Appendix B: Benchmark Methodology

Environment: macOS 15.4, Apple Silicon. All timings are wall-clock (single process, no parallelism). GraphForge is in-memory (GraphForge()) unless noted.

Neighbourhood benchmark: scripts/benchmark_neighbourhood.py. Graphs are random Erdős–Rényi with fixed seed=42. Latency is median (p50) over 10 iterations from the same seed node (e0).

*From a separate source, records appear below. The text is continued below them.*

lemma act_prob_has_derivative:
  "((\<lambda>x. act_prob M pol ob x t s a) has_derivative
     (\<lambda>h. act_prob M pol ob \<theta> t s a * score t s a h)) (at \<theta>)"
proof -
  let ?lnpol = "\<lambda>x m. ln (pol x t (s m) (ob (s m) (cnt M s)) (a m))"
  have exp_ln: "act_prob M pol ob x t s a = exp (\<Sum>m\<in>{0..<M}. ?lnpol x m)" for x
    unfolding act_prob_def using pol_pos by (simp add: exp_sum)
  have score_eq: "(\<Sum>m\<in>{0..<M}. frechet_derivative (\<lambda>x. ?lnpol x m) (at \<theta>) h) = score t s a h" for h
    unfolding score_def
    by (rule sum_agents_eq_sum_cnt2[where f="\<lambda>i j. frechet_derivative (\<lambda>x. ln (pol x t i (ob i (cnt M s)) j)) (at \<theta>) h"])
  have "((\<lambda>x. exp (\<Sum>m\<in>{0..<M}. ?lnpol x m)) has_derivative
      (\<lambda>h. (\<Sum>m\<in>{0..<M}. frechet_derivative (\<lambda>x. ?lnpol x m) (at \<theta>) h) * exp (\<Sum>m\<in>{0..<M}. ?lnpol \<theta> m))) (at \<theta>)"
    by (intro has_derivative_exp has_derivative_sum ln_pol_has_derivative)
  then show ?thesis
    by (simp add: exp_ln[symmetric] score_eq mult.commute)
qed

lemma Qrem_has_derivative:
  "((\<lambda>x. Qrem M phi r pol ob x k t s a) has_derivative Qrem_deriv k t s a) (at \<theta>)"
proof (induction k arbitrary: t s a)
  case 0
  then show ?case by (simp add: fun_eq_iff[symmetric] Qrem_deriv.simps(1)[abs_def])
next
  case (Suc k)
  show ?case
    unfolding Qrem.simps
    by (rule has_derivative_eq_rhs[OF has_derivative_add[OF has_derivative_const
          has_derivative_sum[OF has_derivative_sum[OF has_derivative_mult[OF
            has_derivative_mult[OF has_derivative_const act_prob_has_derivative] Suc.IH]]]]])
      (simp add: fun_eq_iff algebra_simps sum.distrib)
qed

text \<open>The marginal at time t is indexed by \<open>t - 1\<close>, hence the hypothesis \<open>1 \<le> t\<close>.\<close>

lemma marg_weighted_Qrem_deriv:
  assumes "1 \<le> t"
  shows "(\<Sum>s\<in>joint_set M. \<Sum>a\<in>joint_set M. marg M b phi pol ob \<theta> (t - 1) s a * Qrem_deriv k t s a h) =
    (\<Sum>\<tau>\<in>{Suc t..t + k}. expect_t M b phi pol ob \<theta> \<tau>
        (\<lambda>s a. Qrem M phi r pol ob \<theta> (t + k - \<tau>) \<tau> s a * score \<tau> s a h))"
  using assms
proof (induction k arbitrary: t)
  case 0
  then show ?case by simp
next
  case (Suc k)
  let ?J = "joint_set M"
  let ?marg = "marg M b phi pol ob \<theta>"
  let ?X = "\<lambda>s' a'. score (Suc t) s' a' h * Qrem M phi r pol ob \<theta> k (Suc t) s' a' + Qrem_deriv k (Suc t) s' a' h"
  have marg_step: "?marg t s' a' = (\<Sum>s\<in>?J. \<Sum>a\<in>?J. ?marg (t - 1) s a
      * trans_prob M phi t s a s' * act_prob M pol ob \<theta> (Suc t) s' a')" for s' a'
    using marg.simps(2)[of M b phi pol ob \<theta> "t - 1" s' a'] Suc.prems by simp
  have "(\<Sum>s\<in>?J. \<Sum>a\<in>?J. ?marg (t - 1) s a * Qrem_deriv (Suc k) t s a h)
     = (\<Sum>s\<in>?J. \<Sum>a\<in>?J. \<Sum>s'\<in>?J. \<Sum>a'\<in>?J. ?marg (t - 1) s a *
          trans_prob M phi t s a s' * act_prob M pol ob \<theta> (Suc t) s' a' * ?X s' a')"
    by (simp add: sum_distrib_left mult.assoc)
  also have "\<dots> = (\<Sum>s'\<in>?J. \<Sum>a'\<in>?J. \<Sum>s\<in>?J. \<Sum>a\<in>?J. ?marg (t - 1) s a *
          trans_prob M phi t s a s' * act_prob M pol ob \<theta> (Suc t) s' a' * ?X s' a')"
    by (rule sum_swap_nested_pairs)
  also have "\<dots> = (\<Sum>s'\<in>?J. \<Sum>a'\<in>?J. ?marg t s' a' * ?X s' a')"
    by (simp add: marg_step sum_distrib_right)
  also have "\<dots> = expect_t M b phi pol ob \<theta> (Suc t)
        (\<lambda>s a. Qrem M phi r pol ob \<theta> k (Suc t) s a * score (Suc t) s a h)
      + (\<Sum>s'\<in>?J. \<Sum>a'\<in>?J. ?marg (Suc t - 1) s' a' * Qrem_deriv k (Suc t) s' a' h)"
    by (simp add: expect_t_def distrib_left sum.distrib mult.commute)
  also have "\<dots> = (\<Sum>\<tau>\<in>{Suc t..t + Suc k}. expect_t M b phi pol ob \<theta> \<tau>
        (\<lambda>s a. Qrem M phi r pol ob \<theta> (t + Suc k - \<tau>) \<tau> s a * score \<tau> s a h))"
    using Suc.IH[of "Suc t"] by (subst sum.atLeast_Suc_atMost) simp_all
  finally show ?case .
qed

lemma V1_has_derivative:
  assumes "H \<ge> 1"
  shows "(V1 M b phi r pol ob H has_derivative
          (\<lambda>h. \<Sum>t\<in>{1..H}. expect_t M b phi pol ob \<theta> t
                (\<lambda>s a. Qfun M phi r pol ob \<theta> H t s a * score t s a h))) (at \<theta>)"
proof -
  let ?J = "joint_set M"
  let ?Q = "Qrem M phi r pol ob \<theta> (H - 1) 1"
  let ?p = "\<lambda>s a. init_prob M b s * act_prob M pol ob \<theta> 1 s a"
  have V1_eq: "V1 M b phi r pol ob H x = (\<Sum>s\<in>?J. \<Sum>a\<in>?J. (init_prob M b s * act_prob M pol ob x 1 s a)
            * Qrem M phi r pol ob x (H - 1) 1 s a)" for x
    by (simp add: V1_def expect_t_def Qfun_def)
  have deriv: "(V1 M b phi r pol ob H has_derivative
     (\<lambda>h. \<Sum>s\<in>?J. \<Sum>a\<in>?J. ?p s a * Qrem_deriv (H - 1) 1 s a h
        + (init_prob M b s * (act_prob M pol ob \<theta> 1 s a * score 1 s a h)) * ?Q s a)) (at \<theta>)"
    unfolding V1_eq[abs_def]
    by (rule has_derivative_eq_rhs[OF has_derivative_sum[OF has_derivative_sum[OF has_derivative_mult[OF
            has_derivative_mult[OF has_derivative_const act_prob_has_derivative] Qrem_has_derivative]]]])
      (simp add: fun_eq_iff)
  have later_times: "(\<Sum>t\<in>{Suc 1..H}. expect_t M b phi pol ob \<theta> t
        (\<lambda>s a. Qfun M phi r pol ob \<theta> H t s a * score t s a h))
      = (\<Sum>s\<in>?J. \<Sum>a\<in>?J. ?p s a * Qrem_deriv (H - 1) 1 s a h)" for h
    using marg_weighted_Qrem_deriv[of 1 "H - 1" h] assms by (simp add: Qfun_def)
  have split_first: "(\<Sum>t\<in>{1..H}. g t) = g 1 + (\<Sum>t\<in>{Suc 1..H}. g t)" for g :: "nat \<Rightarrow> real"
    using assms by (subst sum.atLeast_Suc_atMost) simp_all
  have "(\<Sum>t\<in>{1..H}. expect_t M b phi pol ob \<theta> t (\<lambda>s a. Qfun M phi r pol ob \<theta> H t s a * score t s a h))
      = (\<Sum>s\<in>?J. \<Sum>a\<in>?J. ?p s a * Qrem_deriv (H - 1) 1 s a h
        + (init_prob M b s * (act_prob M pol ob \<theta> 1 s a * score 1 s a h)) * ?Q s a)" for h
    unfolding split_first later_times
    by (simp add: expect_t_def Qfun_def sum.distrib algebra_simps)
  then show ?thesis
    using deriv by simp
qed
lemma dyadic_level_commute: "dyadic_level a b = dyadic_level b a"
  unfolding dyadic_level_def by (simp add: eq_commute)

lemma div_dyadic_level_eq: "a div 2 ^ dyadic_level a b = b div 2 ^ dyadic_level a b"
proof -
  have "a < 2 ^ (a + b)" "b < 2 ^ (a + b)"
    by (rule less_le_trans[OF less_exp], simp)+
  then have "a div 2 ^ (a + b) = b div 2 ^ (a + b)"
    by simp
  then show ?thesis
    unfolding dyadic_level_def by (rule LeastI)
qed

lemma dyadic_level_le: "a div 2 ^ l = b div 2 ^ l \<Longrightarrow> dyadic_level a b \<le> l"
  unfolding dyadic_level_def by (rule Least_le)

lemma dyadic_level_le_if_less_power: "a < 2 ^ k \<Longrightarrow> b < 2 ^ k \<Longrightarrow> dyadic_level a b \<le> k"
  by (rule dyadic_level_le) simp

lemma dyadic_level_eq_0_iff: "dyadic_level a b = 0 \<longleftrightarrow> a = b"
proof
  show "dyadic_level a b = 0 \<Longrightarrow> a = b"
    using div_dyadic_level_eq[of a b] by simp
  show "a = b \<Longrightarrow> dyadic_level a b = 0"
    using dyadic_level_le[where l = 0] by simp
qed

lemma div_pred_dyadic_level:
  assumes "a < b"
  defines "l \<equiv> dyadic_level a b"
  shows "a div 2 ^ (l - 1) = 2 * (a div 2 ^ l)" and "b div 2 ^ (l - 1) = 2 * (a div 2 ^ l) + 1"
proof -
  have "l > 0"
    using assms dyadic_level_eq_0_iff[of a b] unfolding l_def by simp
  then have pow: "(2::nat) ^ l = 2 ^ (l - 1) * 2"
    by (metis Suc_diff_1 power_Suc2)
  define u v where "u = a div 2 ^ (l - 1)" and "v = b div 2 ^ (l - 1)"
  have "u \<noteq> v"
    using \<open>l > 0\<close> not_less_Least[of "l - 1" "\<lambda>l. a div 2 ^ l = b div 2 ^ l"]
    unfolding u_def v_def l_def dyadic_level_def by simp
  moreover have "u \<le> v"
    unfolding u_def v_def using \<open>a < b\<close> by (simp add: div_le_mono)
  moreover have a_block: "a div 2 ^ l = u div 2" and "b div 2 ^ l = v div 2"
    unfolding u_def v_def pow by (simp_all add: div_mult2_eq)
  then have "u div 2 = v div 2"
    using div_dyadic_level_eq[of a b] unfolding l_def by simp
  ultimately have "u = 2 * (u div 2) \<and> v = 2 * (u div 2) + 1"
    by presburger
  then show "a div 2 ^ (l - 1) = 2 * (a div 2 ^ l)" and "b div 2 ^ (l - 1) = 2 * (a div 2 ^ l) + 1"
    unfolding a_block u_def[symmetric] v_def[symmetric] by simp_all
qed

definition dyadic_class :: "nat \<Rightarrow> nat \<Rightarrow> nat \<times> comp" where
  "dyadic_class a b = (dyadic_level a b, compare default a b)"

definition dyadic_block :: "nat \<Rightarrow> nat \<Rightarrow> nat" where
  "dyadic_block a b = a div 2 ^ dyadic_level a b"

lemma dyadic_class_mem: "a < 2 ^ k \<Longrightarrow> b < 2 ^ k \<Longrightarrow> dyadic_class a b \<in> {..k} \<times> UNIV"
  unfolding dyadic_class_def using dyadic_level_le_if_less_power by simp

lemma compare_same_dyadic_block:
  fixes a1 b1 a2 b2 :: nat
  assumes level: "dyadic_level a1 b1 = l" "dyadic_level a2 b2 = l"
    and order: "compare default a1 b1 = compare default a2 b2"
    and block: "a1 div 2 ^ l = a2 div 2 ^ l"
  shows "compare default a1 b2 = compare default a1 b1"
proof (cases a1 b1 rule: linorder_cases)
  case equal
  then have "l = 0" "a2 = b2"
    using level(1) order dyadic_level_eq_0_iff unfolding compare_default_eq by (auto split: if_splits)
  then show ?thesis
    using block equal by simp
next
  case less
  then have "a2 < b2"
    using order unfolding compare_default_eq by (auto split: if_splits)
  then have "a1 div 2 ^ (l - 1) < b2 div 2 ^ (l - 1)"
    using div_pred_dyadic_level[OF less] div_pred_dyadic_level[of a2 b2] level block by simp
  then have "a1 < b2"
    using div_le_mono[of b2 a1] by (meson not_less)
  then show ?thesis
    using less unfolding compare_default_eq by simp
next
  case greater
  then have "b2 < a2"
    using order unfolding compare_default_eq by (auto split: if_splits)
  moreover have "a1 div 2 ^ l = b1 div 2 ^ l" "a2 div 2 ^ l = b2 div 2 ^ l"
    using div_dyadic_level_eq[of a1 b1] div_dyadic_level_eq[of a2 b2] level by simp_all
  ultimately have "b2 div 2 ^ (l - 1) < a1 div 2 ^ (l - 1)"
    using div_pred_dyadic_level[OF greater] div_pred_dyadic_level[of b2 a2] level block
    by (simp add: dyadic_level_commute)
  then have "b2 < a1"
    using div_le_mono[of a1 b2] by (meson not_less)
  then show ?thesis
    using greater unfolding compare_default_eq by simp
qed

definition block_compare :: "comp \<Rightarrow> nat \<Rightarrow> nat \<Rightarrow> comp" where
  "block_compare c p q = (if p = q then c else compare default p q)"

lemma block_compare_trans:
  "block_compare c p q = block_compare c q r \<Longrightarrow> block_compare c p r = block_compare c p q"
  unfolding block_compare_def compare_default_eq by (auto split: if_splits)

lemma compare_eq_block_compare:
  assumes "dyadic_class a1 b1 = dyadic_class a2 b2"
  shows "compare default a1 b2
    = block_compare (snd (dyadic_class a1 b1)) (dyadic_block a1 b1) (dyadic_block a2 b2)"
proof -
  define l where "l = dyadic_level a1 b1"
  have level: "dyadic_level a1 b1 = l" "dyadic_level a2 b2 = l"
    and order: "compare default a1 b1 = compare default a2 b2"
    using assms unfolding l_def dyadic_class_def by simp_all
  show ?thesis
  proof (cases "a1 div 2 ^ l = a2 div 2 ^ l")
    case True
    then show ?thesis
      using compare_same_dyadic_block[OF level order True] level
      unfolding block_compare_def dyadic_block_def dyadic_class_def by simp
  next
    case False
    have "a2 div 2 ^ l = b2 div 2 ^ l"
      using div_dyadic_level_eq[of a2 b2] level(2) by simp
    then show ?thesis
      using False level div_le_mono[of a1 b2 "2 ^ l"] div_le_mono[of b2 a1 "2 ^ l"]
      unfolding block_compare_def dyadic_block_def compare_default_eq by (auto simp: not_less)
  qed
qed

lemma dyadic_class_compare_trans:
  assumes "dyadic_class a1 b1 = dyadic_class a2 b2" "dyadic_class a2 b2 = dyadic_class a3 b3"
    and "compare default a1 b2 = compare default a2 b3"
  shows "compare default a1 b3 = compare default a1 b2"
proof -
  let ?c = "snd (dyadic_class a1 b1)"
  have "block_compare ?c (dyadic_block a1 b1) (dyadic_block a2 b2)
      = block_compare ?c (dyadic_block a2 b2) (dyadic_block a3 b3)"
    using assms compare_eq_block_compare[OF assms(1)] compare_eq_block_compare[OF assms(2)] by simp
  then have "block_compare ?c (dyadic_block a1 b1) (dyadic_block a3 b3)
      = block_compare ?c (dyadic_block a1 b1) (dyadic_block a2 b2)"
    by (rule block_compare_trans)
  then show ?thesis
    using compare_eq_block_compare[OF assms(1)] compare_eq_block_compare[OF trans[OF assms(1,2)]]
    by simp
qed

section \<open>Comparison graphs\<close>

definition rank_in :: "'a::linorder set \<Rightarrow> 'a \<Rightarrow> nat" where
  "rank_in W u = card {w \<in> W. w < u}"

lemma rank_in_less_rank_in:
  assumes "finite W" "u \<in> W" "u < v"
  shows "rank_in W u < rank_in W v"
proof -
  have "{w \<in> W. w < u} \<subset> {w \<in> W. w < v}"
    using assms by auto
  then show ?thesis
    unfolding rank_in_def using assms(1) by (simp add: psubset_card_mono)
qed

lemma compare_rank_in:
  assumes "finite W" "u \<in> W" "v \<in> W"
  shows "compare default (rank_in W u) (rank_in W v) = compare default u v"
proof (cases u v rule: linorder_cases)
  case less
  then show ?thesis
    using rank_in_less_rank_in[OF assms(1,2) less] by (simp add: compare_default_eq)
next
  case equal
  then show ?thesis
    by (simp add: compare_default_eq)
next
  case greater
  then show ?thesis
    using rank_in_less_rank_in[OF assms(1,3) greater] by (auto simp: compare_default_eq)
qed

lemma rank_in_less_card:
  assumes "finite W" "u \<in> W"
  shows "rank_in W u < card W"
proof -
  have "{w \<in> W. w < u} \<subset> W"
    using assms by auto
  then show ?thesis
    unfolding rank_in_def using assms(1) by (simp add: psubset_card_mono)
qed
(* Let $T$ be a complete $L$-theory, $\phi(x,y)$ an $L$-formula and $\mathcal U$ the monster model of $T$. Identify $\phi(a,b)$ with $1$ if it holds and $0$ otherwise. Then the following are equivalent: (i) $\phi$ has NIP for $T$; (ii) for every sequence $(a_i:i<\omega)$ in $\mathcal U$ there is a subsequence $(a_{j_i}:i<\omega)$ such that for every $b\in\mathcal U$ the sequence of truth values $(\phi(a_{j_i},b):i<\omega)$ is eventually constant; (iii) for every sequence $(a_i:i<\omega)$ in $\mathcal U$ there are a subsequence $(a_{j_i}:i<\omega)$ and a natural number $N$ such that $\sum_{i=1}^\infty|\phi(a_{j_i},b)-\phi(a_{j_{i+1}},b)|\le N$ for every $b\in\mathcal U$; (iv) for every sequence $(a_i:i<\omega)$ in $\mathcal U$ there is a subsequence $(a_{j_i}:i<\omega)$ such that the sequence of functions $\phi(a_{j_i},y)$ converges pointwise to a function $f$ which is a difference of bounded semi-continuous functions.
   Context: $\phi(x,y)$ has NIP for $T$ if there is no sequence $(a_i:i<\omega)$ in $\mathcal U$ such that for every $S\subseteq\omega$ some $b$ satisfies $\phi(a_i,b)\iff i\in S$. For a countable set $A$ of tuples, $\tilde\phi(y,x)=\phi(x,y)$ and $S_{\tilde\phi}(A)$ is the (compact, metrizable) Stone space of complete $\tilde\phi$-types over $A$, i.e. ultrafilters of the Boolean algebra generated by the formulas $\phi(a,y)$, $a\in A$; each $a\in A$ gives a continuous function $\phi(a,y):S_{\tilde\phi}(A)\to\{0,1\}$, $q\mapsto 1$ iff $\phi(a,y)\in q$. In (iv) the functions are regarded on $S_{\tilde\phi}(\{a_{j_i}:i<\omega\})$. A function is DBSC if it equals $F_1-F_2$ with $F_1,F_2$ bounded semi-continuous (upper or lower semi-continuous) functions. *)

theory Defs
  imports "HOL-Analysis.Analysis"
begin

text \<open>A language L consists of function symbols of type 'f with arities fa and relation
  symbols of type 'r with arities ra. Variables are natural numbers.\<close>

datatype 'f tm = Var nat | Fn 'f "'f tm list"

datatype ('f, 'r) fm =
    Eq "'f tm" "'f tm"
  | Rel 'r "'f tm list"
  | Neg "('f, 'r) fm"
  | Conj "('f, 'r) fm" "('f, 'r) fm"
  | Ex nat "('f, 'r) fm"

fun wf_tm :: "('f \<Rightarrow> nat) \<Rightarrow> 'f tm \<Rightarrow> bool" where
  "wf_tm fa (Var n) = True"
| "wf_tm fa (Fn f ts) = (length ts = fa f \<and> (\<forall>t\<in>set ts. wf_tm fa t))"

fun wf_fm :: "('f \<Rightarrow> nat) \<Rightarrow> ('r \<Rightarrow> nat) \<Rightarrow> ('f, 'r) fm \<Rightarrow> bool" where
  "wf_fm fa ra (Eq s t) = (wf_tm fa s \<and> wf_tm fa t)"
| "wf_fm fa ra (Rel r ts) = (length ts = ra r \<and> (\<forall>t\<in>set ts. wf_tm fa t))"
| "wf_fm fa ra (Neg \<phi>) = wf_fm fa ra \<phi>"
| "wf_fm fa ra (Conj \<phi> \<psi>) = (wf_fm fa ra \<phi> \<and> wf_fm fa ra \<psi>)"
| "wf_fm fa ra (Ex n \<phi>) = wf_fm fa ra \<phi>"

fun fv_tm :: "'f tm \<Rightarrow> nat set" where
  "fv_tm (Var n) = {n}"
| "fv_tm (Fn f ts) = (\<Union>t\<in>set ts. fv_tm t)"

fun fv :: "('f, 'r) fm \<Rightarrow> nat set" where
  "fv (Eq s t) = fv_tm s \<union> fv_tm t"
| "fv (Rel r ts) = (\<Union>t\<in>set ts. fv_tm t)"
| "fv (Neg \<phi>) = fv \<phi>"
| "fv (Conj \<phi> \<psi>) = fv \<phi> \<union> fv \<psi>"
| "fv (Ex n \<phi>) = fv \<phi> - {n}"

text \<open>An L-structure with universe the whole type 'm.\<close>

record ('f, 'r, 'm) struc =
  fint :: "'f \<Rightarrow> 'm list \<Rightarrow> 'm"
  rint :: "'r \<Rightarrow> 'm list \<Rightarrow> bool"

fun eval :: "('f, 'r, 'm) struc \<Rightarrow> (nat \<Rightarrow> 'm) \<Rightarrow> 'f tm \<Rightarrow> 'm" where
  "eval M e (Var n) = e n"
| "eval M e (Fn f ts) = fint M f (map (eval M e) ts)"

fun sat :: "('f, 'r, 'm) struc \<Rightarrow> (nat \<Rightarrow> 'm) \<Rightarrow> ('f, 'r) fm \<Rightarrow> bool" where
  "sat M e (Eq s t) = (eval M e s = eval M e t)"
| "sat M e (Rel r ts) = rint M r (map (eval M e) ts)"
| "sat M e (Neg \<phi>) = (\<not> sat M e \<phi>)"
| "sat M e (Conj \<phi> \<psi>) = (sat M e \<phi> \<and> sat M e \<psi>)"
| "sat M e (Ex n \<phi>) = (\<exists>m. sat M (e(n := m)) \<phi>)"

text \<open>Saturation: every finitely satisfiable set of L(A)-formulas in the free variable 0,
  with |A| < |U|, is realized. A formula over A is a pair (psi, e) where e assigns
  elements of A to the free variables of psi other than 0.\<close>

definition saturated :: "('f \<Rightarrow> nat) \<Rightarrow> ('r \<Rightarrow> nat) \<Rightarrow> ('f, 'r, 'm) struc \<Rightarrow> bool" where
  "saturated fa ra M \<longleftrightarrow>
     (\<forall>(A :: 'm set) (p :: (('f, 'r) fm \<times> (nat \<Rightarrow> 'm)) set).
        (\<nexists>g :: 'm \<Rightarrow> 'm. inj g \<and> range g \<subseteq> A)
        \<and> (\<forall>(\<psi>, e) \<in> p. wf_fm fa ra \<psi> \<and> (\<forall>v \<in> fv \<psi> - {0}. e v \<in> A))
        \<and> (\<forall>F \<subseteq> p. finite F \<longrightarrow> (\<exists>d. \<forall>(\<psi>, e) \<in> F. sat M (e(0 := d)) \<psi>))
        \<longrightarrow> (\<exists>d. \<forall>(\<psi>, e) \<in> p. sat M (e(0 := d)) \<psi>))"

text \<open>A monster model: saturated, of cardinality strictly bigger than |L| + aleph_0.
  Its complete theory T is Th(M).\<close>

definition monster :: "('f \<Rightarrow> nat) \<Rightarrow> ('r \<Rightarrow> nat) \<Rightarrow> ('f, 'r, 'm) struc \<Rightarrow> bool" where
  "monster fa ra M \<longleftrightarrow> saturated fa ra M \<and> (\<nexists>g :: 'm \<Rightarrow> 'f + 'r + nat. inj g)"

text \<open>phi(x,y) with x = (v_0,...,v_(k-1)) and y = (v_k,...,v_(k+l-1)); tuples are lists.\<close>

definition holds :: "('f, 'r, 'm) struc \<Rightarrow> nat \<Rightarrow> ('f, 'r) fm \<Rightarrow> 'm list \<Rightarrow> 'm list \<Rightarrow> bool" where
  "holds M k \<phi> a b = sat M (\<lambda>v. if v < k then a ! v else b ! (v - k)) \<phi>"

definition NIP :: "('f, 'r, 'm) struc \<Rightarrow> nat \<Rightarrow> nat \<Rightarrow> ('f, 'r) fm \<Rightarrow> bool" where
  "NIP M k l \<phi> \<longleftrightarrow>
     \<not> (\<exists>a :: nat \<Rightarrow> 'm list. (\<forall>i. length (a i) = k) \<and>
          (\<forall>S :: nat set. \<exists>b. length b = l \<and> (\<forall>i. holds M k \<phi> (a i) b \<longleftrightarrow> i \<in> S)))"

text \<open>A complete phi~-type over A is a consistent choice, for every a in A, of phi(a,y) or
  its negation; consistency with T = Th(M) means every finite part is realized in M.
  It is represented by the truth-value function q on A (a point of 2^A).\<close>

definition phi_types ::
  "('f, 'r, 'm) struc \<Rightarrow> nat \<Rightarrow> nat \<Rightarrow> ('f, 'r) fm \<Rightarrow> 'm list set \<Rightarrow> ('m list \<Rightarrow> bool) set" where
  "phi_types M k l \<phi> A =
     {q \<in> PiE A (\<lambda>_. UNIV). \<forall>F \<subseteq> A. finite F \<longrightarrow>
        (\<exists>b. length b = l \<and> (\<forall>a \<in> F. q a = holds M k \<phi> a b))}"

definition phi_type_space ::
  "('f, 'r, 'm) struc \<Rightarrow> nat \<Rightarrow> nat \<Rightarrow> ('f, 'r) fm \<Rightarrow> 'm list set \<Rightarrow> ('m list \<Rightarrow> bool) topology" where
  "phi_type_space M k l \<phi> A =
     subtopology (product_topology (\<lambda>_. discrete_topology UNIV) A) (phi_types M k l \<phi> A)"

definition usc_on :: "'a topology \<Rightarrow> ('a \<Rightarrow> real) \<Rightarrow> bool" where
  "usc_on X f \<longleftrightarrow> (\<forall>c. openin X {x \<in> topspace X. f x < c})"

definition lsc_on :: "'a topology \<Rightarrow> ('a \<Rightarrow> real) \<Rightarrow> bool" where
  "lsc_on X f \<longleftrightarrow> (\<forall>c. openin X {x \<in> topspace X. f x > c})"

definition bounded_fun_on :: "'a topology \<Rightarrow> ('a \<Rightarrow> real) \<Rightarrow> bool" where
  "bounded_fun_on X f \<longleftrightarrow> (\<exists>B. \<forall>x \<in> topspace X. \<bar>f x\<bar> \<le> B)"

definition bsc_on :: "'a topology \<Rightarrow> ('a \<Rightarrow> real) \<Rightarrow> bool" where
  "bsc_on X f \<longleftrightarrow> bounded_fun_on X f \<and> (usc_on X f \<or> lsc_on X f)"

definition DBSC :: "'a topology \<Rightarrow> ('a \<Rightarrow> real) \<Rightarrow> bool" where
  "DBSC X f \<longleftrightarrow> (\<exists>F1 F2. bsc_on X F1 \<and> bsc_on X F2 \<and> (\<forall>x \<in> topspace X. f x = F1 x - F2 x))"

end

(*
  If phi has NIP, every sequence (a_i) has a subsequence along which the truth values of
  phi(a_j_i, b) change sign at most m times, for one m and all b.  Otherwise Ramsey's theorem,
  applied to the patterns realized by the n-element subsets of the index set, yields shattered
  sets of every finite size, and saturation (used one k-tuple at a time over countable parameter
  sets) turns them into an infinite shattered sequence.  The uniform bound gives (ii) and (iii)
  at once, and (iv) on the type space: the limit is the number of rises minus the number of
  falls, and both are bounded lower semicontinuous functions of the type.  Conversely, if phi
  has IP, some sequence admits, along each of its subsequences, a parameter realizing the
  alternating pattern, and the alternating sequence violates (ii), (iii) and (iv).
*)

theory Submission
  imports Defs "HOL-Library.Ramsey"
begin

Transaction benchmark: Inline script (not committed — see Phase 3 probe). 100 synthetic documents with 3–5 entity MERGEs and 2–4 relationship MERGEs per document. Entities drawn from a pool of 50 canonical IDs (many collisions, exercises ON MATCH path). Timing is total wall-clock for all 100 documents.

bulk_ingest() speedup: 500 nodes + 500 edges, execute(MERGE) pattern (not create_node_bulk). Measured with and without bulk_ingest() context manager.